Bisnis.com, JAKARTA — Bank Indonesia, selaku regulator di bidang sistem pembayaran, diminta untuk mengawasi secara ketat perusahaan financial technology (fintech) yang beroperasi di Indonesia dengan menggandeng perbankan swasta nasional.
Ekonom Institute for Development of Economics and Finance (Indef) Bhima Yudhistira Adhinegara mengatakan bahwa pada dasarnya sah saja bagi perusahaan asing untuk masuk dalam persaingan bisnis sistem pembayaran selama masih patuh dengan regulasi.
Di tengah upaya mewujudkan kemandirian sistem pembayaran dalam negeri lewat Gerbang Pembayaran Nasional, BI mengatu kepemilikan asing bagi penyedia sistem pembayaran dibatasi maksimal 30%.
Dengan kata lain, menurut Bhima, selama dalam koridor kerja sama, sah-sah saja bagi perusahaan tekfin asing beroperasi.
"Yang terpenting BI harus lakukan pengawasan ketat terhadap provider asing khususnya terkait keamanan data nasabah dan data center. Jangan sampai kerja sama dengan provider asing merugikan ekonomi dalam jangka panjang karena pemanfaatan data oleh asing," katanya kepada Bisnis, Senin (25/2/2019).
Dia mencontohkan, di negara AS perusahaan China memiliki beberapa restriksi untuk masuk sistem pembayaran karena berisiko mencuri data nasabah.
Dalam kesempatan sebelumnya, Deputi Gubernur Bank Indonesia Sugeng menyampaikan babhwa pihakya telah menerima pengajuan izin operasional dari PT Bank CIMB Niaga Tbk. dan Alipay. Saat ini, proses perizinan belum selesai karena masih ada tahapan penyesuaian di antara dua lembaga tersebut.
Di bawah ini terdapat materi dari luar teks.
text \<open>A union bound over subsets of S. Let L = (ln d / d) powr (1/(r-1)) and
k = \<lceil>\<epsilon> L n\<rceil>. An independent set meeting S in at least k vertices contains a k-subset
of S spanning no edge. There are at most 2^|S| \<le> 2^(a L n) such subsets, and each spans no
edge with probability (1 - p)^(k choose r) \<le> exp (- p (k/r)^r). Since p \<ge> d / n^(r-1) and
d L^r = L ln d, the last exponent is at least \<epsilon>^r L n ln d / r^r, which exceeds 2 a L n ln 2
as soon as ln d \<ge> 2 a r^r ln 2 / \<epsilon>^r.\<close>

lemma sum_Pow_card_power:
  fixes p q :: "'a::comm_semiring_1"
  assumes "finite B"
  shows "(\<Sum>G\<in>Pow B. p ^ card G * q ^ (card B - card G)) = (p + q) ^ card B"
proof -
  have "(p + q) ^ card B = (\<Sum>X\<in>Pow B. (\<Prod>x\<in>X. p) * (\<Prod>x\<in>B - X. q))"
    using prod_add[OF assms, of "\<lambda>_. p" "\<lambda>_. q"] by simp
  also have "\<dots> = (\<Sum>G\<in>Pow B. p ^ card G * q ^ (card B - card G))"
    using assms by (intro sum.cong) (auto simp: card_Diff_subset finite_subset)
  finally show ?thesis by simp
qed

lemma finite_rsubsets: "finite (rsubsets n r)"
  unfolding rsubsets_def by (rule finite_subset[of _ "Pow {..<n}"]) auto

lemma hprob_mono:
  assumes "0 \<le> p" "p \<le> 1" "\<And>G. P G \<Longrightarrow> Q G"
  shows "hprob n r p P \<le> hprob n r p Q"
  unfolding hprob_def using assms by (intro sum_mono) auto

lemma hprob_union_bound:
  assumes "0 \<le> p" "p \<le> 1" "finite F" "\<And>G. P G \<Longrightarrow> \<exists>U\<in>F. Q U G"
  shows "hprob n r p P \<le> (\<Sum>U\<in>F. hprob n r p (Q U))"
proof -
  define R where "R = rsubsets n r"
  define w :: "nat set set \<Rightarrow> real" where "w G = p ^ card G * (1 - p) ^ (card R - card G)" for G
  have w_nonneg: "w G \<ge> 0" for G
    using assms unfolding w_def by simp
  have "hprob n r p P = (\<Sum>G\<in>Pow R. if P G then w G else 0)"
    unfolding hprob_def R_def w_def by simp
  also have "\<dots> \<le> (\<Sum>G\<in>Pow R. \<Sum>U\<in>F. if Q U G then w G else 0)"
  proof (intro sum_mono)
    fix G
    show "(if P G then w G else 0) \<le> (\<Sum>U\<in>F. if Q U G then w G else 0)"
    proof (cases "P G")
      case True
      then obtain U where "U \<in> F" "Q U G"
        using assms(4) by blast
      then have "(if Q U G then w G else 0) \<le> (\<Sum>U\<in>F. if Q U G then w G else 0)"
        using assms(3) w_nonneg by (intro member_le_sum) auto
      with True \<open>Q U G\<close> show ?thesis by simp
    qed (simp add: sum_nonneg w_nonneg)
  qed
  also have "\<dots> = (\<Sum>U\<in>F. hprob n r p (Q U))"
    unfolding hprob_def R_def w_def by (rule sum.swap)
  finally show ?thesis .
qed

lemma hprob_spans_no_edge:
  assumes "U \<subseteq> {..<n}"
  shows "hprob n r p (\<lambda>G. \<forall>e\<in>G. \<not> e \<subseteq> U) = (1 - p) ^ (card U choose r)"
proof -
  define R where "R = rsubsets n r"
  define A where "A = {e\<in>R. e \<subseteq> U}"
  have "finite R"
    unfolding R_def by (rule finite_rsubsets)
  moreover have "A \<subseteq> R"
    unfolding A_def by auto
  ultimately have "finite A" and card_R: "card R = card A + card (R - A)"
    by (simp_all add: finite_subset card_Diff_subset card_mono)
  have card_A: "card A = card U choose r"
  proof -
    have "A = {e. e \<subseteq> U \<and> card e = r}"
      unfolding A_def R_def rsubsets_def using assms by auto
    then show ?thesis
      using assms by (simp add: n_subsets finite_subset)
  qed
  have "hprob n r p (\<lambda>G. \<forall>e\<in>G. \<not> e \<subseteq> U)
      = (\<Sum>G\<in>{G\<in>Pow R. \<forall>e\<in>G. \<not> e \<subseteq> U}. p ^ card G * (1 - p) ^ (card R - card G))"
    unfolding hprob_def R_def[symmetric] by (rule sum.inter_filter[symmetric]) (simp add: \<open>finite R\<close>)
  also have "{G\<in>Pow R. \<forall>e\<in>G. \<not> e \<subseteq> U} = Pow (R - A)"
    unfolding A_def by auto
  also have "(\<Sum>G\<in>Pow (R - A). p ^ card G * (1 - p) ^ (card R - card G))
      = (\<Sum>G\<in>Pow (R - A). (1 - p) ^ card A * (p ^ card G * (1 - p) ^ (card (R - A) - card G)))"
  proof (rule sum.cong)
    fix G assume "G \<in> Pow (R - A)"
    then have "card G \<le> card (R - A)"
      using \<open>finite R\<close> by (simp add: card_mono)
    then have "card R - card G = card A + (card (R - A) - card G)"
      using card_R by simp
    then show "p ^ card G * (1 - p) ^ (card R - card G)
        = (1 - p) ^ card A * (p ^ card G * (1 - p) ^ (card (R - A) - card G))"
      by (simp add: power_add)
  qed simp
  also have "\<dots> = (1 - p) ^ card A"
    by (simp add: sum_distrib_left[symmetric] sum_Pow_card_power \<open>finite R\<close>)
  finally show ?thesis
    using card_A by simp
qed

lemma hprob_indep_trace_ge_le_binomial:
  assumes "S \<subseteq> {..<n}" "0 \<le> p" "p \<le> 1"
  shows "hprob n r p (\<lambda>G. \<exists>T. indep_set n G T \<and> k \<le> card (T \<inter> S))
    \<le> real (card S choose k) * (1 - p) ^ (k choose r)"
proof -
  define F where "F = {U. U \<subseteq> S \<and> card U = k}"
  have "finite S"
    using assms(1) finite_subset by blast
  then have "finite F"
    unfolding F_def by (simp add: finite_subset[of _ "Pow S"] subset_eq)
  have card_F: "card F = card S choose k"
    unfolding F_def using n_subsets[OF \<open>finite S\<close>] .
  have "hprob n r p (\<lambda>G. \<exists>T. indep_set n G T \<and> k \<le> card (T \<inter> S))
      \<le> (\<Sum>U\<in>F. hprob n r p (\<lambda>G. \<forall>e\<in>G. \<not> e \<subseteq> U))"
  proof (rule hprob_union_bound[OF assms(2,3) \<open>finite F\<close>])
    fix G assume "\<exists>T. indep_set n G T \<and> k \<le> card (T \<inter> S)"
    then obtain T where T: "indep_set n G T" "k \<le> card (T \<inter> S)"
      by blast
    then obtain U where U: "U \<subseteq> T \<inter> S" "card U = k"
      by (meson obtain_subset_with_card_n)
    then have "U \<in> F"
      unfolding F_def by blast
    moreover have "\<forall>e\<in>G. \<not> e \<subseteq> U"
      using T(1) U(1) unfolding indep_set_def by blast
    ultimately show "\<exists>U\<in>F. \<forall>e\<in>G. \<not> e \<subseteq> U" ..
  qed
  also have "\<dots> = (\<Sum>U\<in>F. (1 - p) ^ (k choose r))"
  proof (rule sum.cong)
    fix U assume "U \<in> F"
    then have "U \<subseteq> {..<n}" "card U = k"
      using assms(1) unfolding F_def by auto
    then show "hprob n r p (\<lambda>G. \<forall>e\<in>G. \<not> e \<subseteq> U) = (1 - p) ^ (k choose r)"
      using hprob_spans_no_edge[of U n r p] by simp
  qed simp
  finally show ?thesis
    using card_F by simp
qed

lemma one_minus_power_le_exp:
  fixes p :: real
  assumes "p \<le> 1"
  shows "(1 - p) ^ m \<le> exp (- (p * real m))"
proof -
  have "(1 - p) ^ m \<le> exp (- p) ^ m"
    using assms exp_ge_add_one_self[of "- p"] by (intro power_mono) simp_all
  then show ?thesis
    by (simp add: exp_of_nat_mult[symmetric] mult.commute)
qed

lemma binomial_ge_pred_quotient:
  assumes "2 \<le> r" "1 \<le> d" "(real r - 1) * d \<le> real n - 1"
  shows "d \<le> real ((n - 1) choose (r - 1))"
proof -
  have "real r - 1 \<le> (real r - 1) * d"
    using assms(1,2) by simp
  with assms have "r - 1 \<le> n - 1" and "0 < r - 1"
    by linarith+
  have "d \<le> real (n - 1) / real (r - 1)"
    using assms \<open>0 < r - 1\<close> \<open>r - 1 \<le> n - 1\<close> by (simp add: of_nat_diff field_simps)
  also have "\<dots> \<le> (real (n - 1) / real (r - 1)) ^ (r - 1)"
    using \<open>0 < r - 1\<close> \<open>r - 1 \<le> n - 1\<close> by (intro self_le_power) simp_all
  also have "\<dots> \<le> real ((n - 1) choose (r - 1))"
    using binomial_ge_n_over_k_pow_k[OF \<open>r - 1 \<le> n - 1\<close>] by simp
  finally show ?thesis .
qed

lemma powr_inverse_pred_power:
  fixes y :: real
  assumes "0 < y" "2 \<le> r"
  shows "(y powr (1 / (real r - 1))) ^ r = y * y powr (1 / (real r - 1))"
proof -
  define L where "L = y powr (1 / (real r - 1))"
  have "L ^ (r - 1) = y powr (1 / (real r - 1) * real (r - 1))"
    unfolding L_def using assms by (simp add: powr_realpow[symmetric] powr_powr)
  also have "\<dots> = y"
    using assms by (simp add: of_nat_diff)
  finally have "L ^ (r - 1) = y" .
  moreover have "L ^ r = L ^ (r - 1) * L"
    using assms by (simp add: power_eq_if)
  ultimately show ?thesis
    unfolding L_def by simp
qed

lemma hprob_indep_trace_ge_le_exp:
  fixes A x d :: real
  assumes S: "S \<subseteq> {..<n}" "real (card S) \<le> A * real n"
    and "0 < x" "1 \<le> r" "real r \<le> x * real n"
    and d: "0 < d" "d \<le> real ((n - 1) choose (r - 1))"
  shows "hprob n r (d / real ((n - 1) choose (r - 1)))
      (\<lambda>G. \<exists>T. indep_set n G T \<and> x * real n \<le> real (card (T \<inter> S)))
    \<le> exp ((A * ln 2 - d * x ^ r / real r ^ r) * real n)"
proof -
  define p where "p = d / real ((n - 1) choose (r - 1))"
  define k where "k = nat \<lceil>x * real n\<rceil>"
  have "0 < x * real n"
    using assms by linarith
  then have "0 < real n"
    using \<open>0 < x\<close> by (simp add: zero_less_mult_iff)
  have binomial_pos: "0 < real ((n - 1) choose (r - 1))"
    using d by linarith
  have "0 \<le> p" "p \<le> 1"
    unfolding p_def using d binomial_pos by simp_all
  have "x * real n \<le> real k" and "r \<le> k"
    unfolding k_def using assms by linarith+
  have p_ge: "d / real n ^ (r - 1) \<le> p"
  proof -
    have "(n - 1) choose (r - 1) \<le> n ^ (r - 1)"
      using binomial_le_pow[of "r - 1" "n - 1"] power_mono[of "n - 1" n "r - 1"]
      by (metis binomial_eq_0_iff diff_le_self dual_order.trans le_refl not_le zero_le)
    then have "real ((n - 1) choose (r - 1)) \<le> real n ^ (r - 1)"
      by (metis of_nat_le_iff of_nat_power)
    then show ?thesis
      unfolding p_def using d binomial_pos \<open>0 < real n\<close> by (intro divide_left_mono mult_pos_pos) simp_all
  qed
  have "hprob n r p (\<lambda>G. \<exists>T. indep_set n G T \<and> x * real n \<le> real (card (T \<inter> S)))
      \<le> hprob n r p (\<lambda>G. \<exists>T. indep_set n G T \<and> k \<le> card (T \<inter> S))"
    using \<open>0 \<le> p\<close> \<open>p \<le> 1\<close> by (rule hprob_mono) (auto simp: k_def)
  also have "\<dots> \<le> real (card S choose k) * (1 - p) ^ (k choose r)"
    using S(1) \<open>0 \<le> p\<close> \<open>p \<le> 1\<close> by (rule hprob_indep_trace_ge_le_binomial)
  also have "\<dots> \<le> exp (A * ln 2 * real n) * exp (- (p * real (k choose r)))"
  proof (intro mult_mono)
    have "real (card S choose k) \<le> 2 ^ card S"
      by (metis binomial_le_pow2 numeral_power_eq_of_nat_cancel_iff of_nat_le_iff)
    also have "\<dots> = exp (real (card S) * ln 2)"
      by (simp add: exp_of_nat_mult)
    also have "\<dots> \<le> exp (A * ln 2 * real n)"
      using S(2) by (simp add: mult.commute mult.left_commute)
    finally show "real (card S choose k) \<le> exp (A * ln 2 * real n)" .
  qed (use \<open>p \<le> 1\<close> one_minus_power_le_exp in auto)
  also have "\<dots> \<le> exp ((A * ln 2 - d * x ^ r / real r ^ r) * real n)"
  proof -
    have "d * x ^ r / real r ^ r * real n = d / real n ^ (r - 1) * (x * real n / real r) ^ r"
      using \<open>0 < real n\<close> \<open>1 \<le> r\<close>
      by (simp add: power_mult_distrib power_divide power_diff field_simps)
    also have "\<dots> \<le> p * (real k / real r) ^ r"
      using p_ge \<open>x * real n \<le> real k\<close> \<open>0 \<le> p\<close> assms
      by (intro mult_mono power_mono divide_right_mono) simp_all
    also have "\<dots> \<le> p * real (k choose r)"
      using \<open>0 \<le> p\<close> binomial_ge_n_over_k_pow_k[OF \<open>r \<le> k\<close>] by (intro mult_left_mono) simp_all
    finally show ?thesis
      by (simp add: exp_add[symmetric] left_diff_distrib)
  qed
  finally show ?thesis
    unfolding p_def .
qed

lemma first_moment_exponent_le:
  fixes \<epsilon> a d :: real
  assumes "0 < \<epsilon>" "2 \<le> r" "1 < d" "2 * a * ln 2 * real r ^ r / \<epsilon> ^ r \<le> ln d"
  defines "L \<equiv> (ln d / d) powr (1 / (real r - 1))"
  shows "a * L * ln 2 - d * (\<epsilon> * L) ^ r / real r ^ r \<le> - (a * ln 2 * L)"
proof -
  have "0 < ln d / d"
    using assms(3) by simp
  then have "0 < L" and L_power: "d * L ^ r = ln d * L"
    unfolding L_def using assms(2,3) by (simp_all add: powr_inverse_pred_power)
  have "d * (\<epsilon> * L) ^ r / real r ^ r = \<epsilon> ^ r * (d * L ^ r) / real r ^ r"
    by (simp add: power_mult_distrib)
  also have "\<dots> = \<epsilon> ^ r * ln d / real r ^ r * L"
    using L_power by simp
  finally have exponent: "d * (\<epsilon> * L) ^ r / real r ^ r = \<epsilon> ^ r * ln d / real r ^ r * L" .
  have "2 * a * ln 2 \<le> \<epsilon> ^ r * ln d / real r ^ r"
    using assms(1,2,4) by (simp add: field_simps)
  then have "2 * a * ln 2 * L \<le> \<epsilon> ^ r * ln d / real r ^ r * L"
    using \<open>0 < L\<close> by (intro mult_right_mono) simp_all
  then show ?thesis
    unfolding exponent by (simp add: algebra_simps)
qed
lemma cis_sum: "finite A \<Longrightarrow> cis (\<Sum>x\<in>A. f x) = (\<Prod>x\<in>A. cis (f x))"
  by (induction rule: finite_induct) (simp_all add: cis_mult[symmetric])

lemma sum_cis_bsign: "(\<Sum>x\<in>UNIV. cis (bsign x * u)) = of_real (2 * cos u)"
  by (simp add: UNIV_bool complex_eq_iff)

lemma prod_bool_classes:
  fixes f :: "bool \<Rightarrow> bool \<Rightarrow> 'a::comm_monoid_mult"
  assumes "finite W"
  shows "(\<Prod>k\<in>W. f (P k) (Q k))
    = f True True ^ card {k \<in> W. P k \<and> Q k} * f True False ^ card {k \<in> W. P k \<and> \<not> Q k}
      * f False True ^ card {k \<in> W. \<not> P k \<and> Q k} * f False False ^ card {k \<in> W. \<not> P k \<and> \<not> Q k}"
proof -
  have "(\<Prod>k\<in>W. f (P k) (Q k))
      = (\<Prod>k\<in>W. (if P k \<and> Q k then f True True else 1) * (if P k \<and> \<not> Q k then f True False else 1)
           * (if \<not> P k \<and> Q k then f False True else 1) * (if \<not> P k \<and> \<not> Q k then f False False else 1))"
    by (rule prod.cong) auto
  then show ?thesis
    using assms by (simp add: prod.distrib prod.inter_filter[symmetric])
qed

definition exclusive_degree :: "'v set set \<Rightarrow> 'v \<Rightarrow> 'v \<Rightarrow> nat" where
  "exclusive_degree E i j = card {k \<in> - {i, j}. {i, k} \<in> E \<and> {j, k} \<notin> E}"

lemma simple_graph_singleton_notin: "simple_graph E \<Longrightarrow> {v} \<notin> E"
  using simple_graph_edge_card by fastforce

lemma triangles_commute: "triangles E i j = triangles E j i"
  by (simp add: triangles_def conj_commute)

lemma triangles_eq_card:
  assumes "simple_graph E"
  shows "triangles E i j = card {k \<in> - {i, j}. {i, k} \<in> E \<and> {j, k} \<in> E}"
proof -
  have "{k. {i, k} \<in> E \<and> {j, k} \<in> E} = {k \<in> - {i, j}. {i, k} \<in> E \<and> {j, k} \<in> E}"
    using simple_graph_singleton_notin[OF assms] by auto
  then show ?thesis
    by (simp add: triangles_def)
qed

lemma degree_eq_Suc_triangles:
  fixes E :: "'v::finite set set"
  assumes "simple_graph E" and "{i, j} \<in> E"
  shows "degree E i = Suc (triangles E i j + exclusive_degree E i j)"
proof -
  define C where "C = {k \<in> - {i, j}. {i, k} \<in> E \<and> {j, k} \<in> E}"
  define X where "X = {k \<in> - {i, j}. {i, k} \<in> E \<and> {j, k} \<notin> E}"
  have "{k. {i, k} \<in> E} = insert j (C \<union> X)"
  proof (intro set_eqI iffI)
    fix k assume "k \<in> {k. {i, k} \<in> E}"
    moreover from this have "k \<noteq> i"
      using simple_graph_singleton_notin[OF assms(1)] by auto
    ultimately show "k \<in> insert j (C \<union> X)"
      by (auto simp: C_def X_def)
  qed (use assms(2) in \<open>auto simp: C_def X_def\<close>)
  then have "degree E i = card (insert j (C \<union> X))"
    by (simp add: degree_def)
  also have "\<dots> = Suc (card C + card X)"
    by (subst card_insert_disjoint) (auto simp: C_def X_def intro!: card_Un_disjoint)
  finally show ?thesis
    by (simp add: triangles_eq_card[OF assms(1)] exclusive_degree_def C_def X_def)
qed

lemma prod_cos_neighbours:
  fixes E :: "'v::finite set set"
  assumes "simple_graph E"
  shows "(\<Prod>k\<in>-{i, j}. cos (\<theta> * ((if {i, k} \<in> E then x else 0) + (if {j, k} \<in> E then y else 0))))
    = cos (\<theta> * (x + y)) ^ triangles E i j * cos (\<theta> * x) ^ exclusive_degree E i j
      * cos (\<theta> * y) ^ exclusive_degree E j i"
proof -
  let ?f = "\<lambda>p q. cos (\<theta> * ((if p then x else 0) + (if q then y else 0)))"
  have "(\<Prod>k\<in>-{i, j}. ?f ({i, k} \<in> E) ({j, k} \<in> E))
      = ?f True True ^ card {k \<in> -{i, j}. {i, k} \<in> E \<and> {j, k} \<in> E}
        * ?f True False ^ card {k \<in> -{i, j}. {i, k} \<in> E \<and> {j, k} \<notin> E}
        * ?f False True ^ card {k \<in> -{i, j}. {i, k} \<notin> E \<and> {j, k} \<in> E}
        * ?f False False ^ card {k \<in> -{i, j}. {i, k} \<notin> E \<and> {j, k} \<notin> E}"
    by (rule prod_bool_classes) simp
  also have "{k \<in> -{i, j}. {i, k} \<notin> E \<and> {j, k} \<in> E} = {k \<in> -{j, i}. {j, k} \<in> E \<and> {i, k} \<notin> E}"
    by auto
  finally show ?thesis
    by (simp add: triangles_eq_card[OF assms] exclusive_degree_def)
qed
lemma sspm_reaches_112: "sspm_step\<^sup>*\<^sup>* (init 4) (heaps [(-2, 1), (-1, 1), (0, 2)])"
proof -
  have "sspm_step (init 4) (heaps [(-1, 1), (0, 3)])"
    unfolding sspm_step_def
    by (intro exI[of _ 0] disjI1) (auto simp: init_def L_applicable_def apply_L_def fun_eq_iff)
  moreover have "sspm_step (heaps [(-1, 1), (0, 3)]) (heaps [(-1, 2), (0, 2)])"
    unfolding sspm_step_def
    by (intro exI[of _ 0] disjI1) (auto simp: L_applicable_def apply_L_def fun_eq_iff)
  moreover have "sspm_step (heaps [(-1, 2), (0, 2)]) (heaps [(-2, 1), (-1, 1), (0, 2)])"
    unfolding sspm_step_def
    by (intro exI[of _ "-1"] disjI1) (auto simp: L_applicable_def apply_L_def fun_eq_iff)
  ultimately show ?thesis by (meson converse_rtranclp_into_rtranclp rtranclp.rtrancl_refl)
qed

lemma grains_112: "grains (heaps [(-2, 1), (-1, 1), (0, 2)]) = 4"
proof -
  have "grains (heaps [(-2, 1), (-1, 1), (0, 2)]) =
      sum (heaps [(-2, 1), (-1, 1), (0, 2)]) {-2, -1, 0}"
    by (rule grains_eq_sum) auto
  then show ?thesis by simp
qed

lemma psspm_not_reaches_112: "\<not> psspm_step\<^sup>*\<^sup>* (init 4) (heaps [(-2, 1), (-1, 1), (0, 2)])"
proof -
  have "c (-2) = 0 \<or> c 0 \<noteq> 2" if "psspm_step\<^sup>*\<^sup>* (init 4) c" for c
    using psspm_orbit_init4[OF that] by (auto simp: init_def)
  then show ?thesis by fastforce
qed

theorem proposition1:
  shows "PSSPM \<subset> SSPM"
proof -
  let ?c = "heaps [(-2, 1), (-1, 1), (0, 2)]"
  have "?c \<in> SSPM" using sspm_reaches_112 unfolding SSPM_def by blast
  moreover have "?c \<notin> PSSPM"
  proof
    assume "?c \<in> PSSPM"
    then obtain n where reach: "psspm_step\<^sup>*\<^sup>* (init n) ?c" unfolding PSSPM_def by blast
    then have "n = 4"
      using psspm_reachable_sspm_reachable sspm_reachable_grains grains_112 by metis
    with reach psspm_not_reaches_112 show False by simp
  qed
  ultimately show ?thesis using PSSPM_subset_SSPM by blast
qed

end
(* Let $(\mathcal{X},d)$ be a finite metric space with at least two points, $\mu\in\mathcal{M}_+(\mathcal{X})$ with $\mu(x)\in\{0,1\}$ for all $x$, $s_x\in(0,1]$ for $x\in\mathcal{X}$, and let $\hat\mu_{s_\mathcal{X}}$ be the Bernoulli-model estimator. Then for every $p\ge1$, $C>0$, $q>1$, $L\in\mathbb{N}$, $$\mathbb{E}\big[\mathrm{KR}_{p,C}(\hat\mu_{s_\mathcal{X}},\mu)\big]\le\mathcal{E}_{p,\mathcal{X}}(C,q,L)^{1/p}\cdot\begin{cases}\big(2\sum_{x\in\mathcal{X}}(1-s_x)\big)^{1/p}, & \text{if } C\le\max\{2h_{q,L}(L),\min_{x\ne x'}d(x,x')\},\\[0.5ex]\big(\sum_{x\in\mathcal{X}}\frac{1-s_x}{s_x}\big)^{1/(2p)}, & \text{otherwise.}\end{cases}$$
   Context: $\mathrm{KR}_{p,C}(\mu,\nu)=\big(\min_{\pi\in\Pi_\le(\mu,\nu)}\sum_{x,x'}d^p(x,x')\pi(x,x')+C^p(\frac{\mathbb{M}(\mu)+\mathbb{M}(\nu)}2-\mathbb{M}(\pi))\big)^{1/p}$, $\Pi_\le(\mu,\nu)$ the non-negative $\pi$ with row sums $\le\mu$ and column sums $\le\nu$, $\mathbb{M}$ total mass. Bernoulli model: independent $B_x\sim\mathrm{Ber}(s_x)$, $\hat\mu_{s_\mathcal{X}}=\sum_{x\in\mathrm{supp}(\mu)}\frac{B_x}{s_x}\delta_x$. $h_{q,L}(k)=\frac{q^{1-k}-q^{-L}}{q-1}\mathrm{diam}(\mathcal{X})$; $Q_j$ ($j=0..L$) a minimal-cardinality $q^{-j}\mathrm{diam}(\mathcal{X})$-cover of $\mathcal{X}$ by points of $\mathcal{X}$; $A_{q,p,L,\mathcal{X}}(l)=\mathrm{diam}(\mathcal{X})^p2^{p-1}(q^{-Lp}|\mathcal{X}|^{1/2}+(\frac q{q-1})^p\sum_{j=l}^Lq^{p-jp}|Q_j|^{1/2})$. The constant (same as in the Poisson model): $\mathcal{E}_{p,\mathcal{X}}(C,q,L)=\frac{C^p}2$ if $C\le\max\{2h_{q,L}(L),\min_{x\ne x'}d(x,x')\}$; otherwise $(\frac{C^p}2-2^{p-1}h_{q,L}(0)^p)+A_{q,p,L,\mathcal{X}}(1)$ if $C\ge2h_{q,L}(0)$; otherwise $A_{q,p,L,\mathcal{X}}(l)$ for the $l\in\{1,\dots,L\}$ with $2h_{q,L}(l)\le C<2h_{q,L}(l-1)$. *)

theory Defs
  imports "HOL-Probability.Probability"
begin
BI juga telah melakukan diskusi dengan WeChat Pay, yang berencana menggandeng beberapa bank nasional yakni platform layanan pembayaran lainnya yakni WeChat Pay. Padahal, beberapa bank seperti PT Bank Central Asia Tbk., PT Bank Negara Indonesia (Persero) Tbk., dan PT Bank Rakyat Indonesia (Persero) Tbk.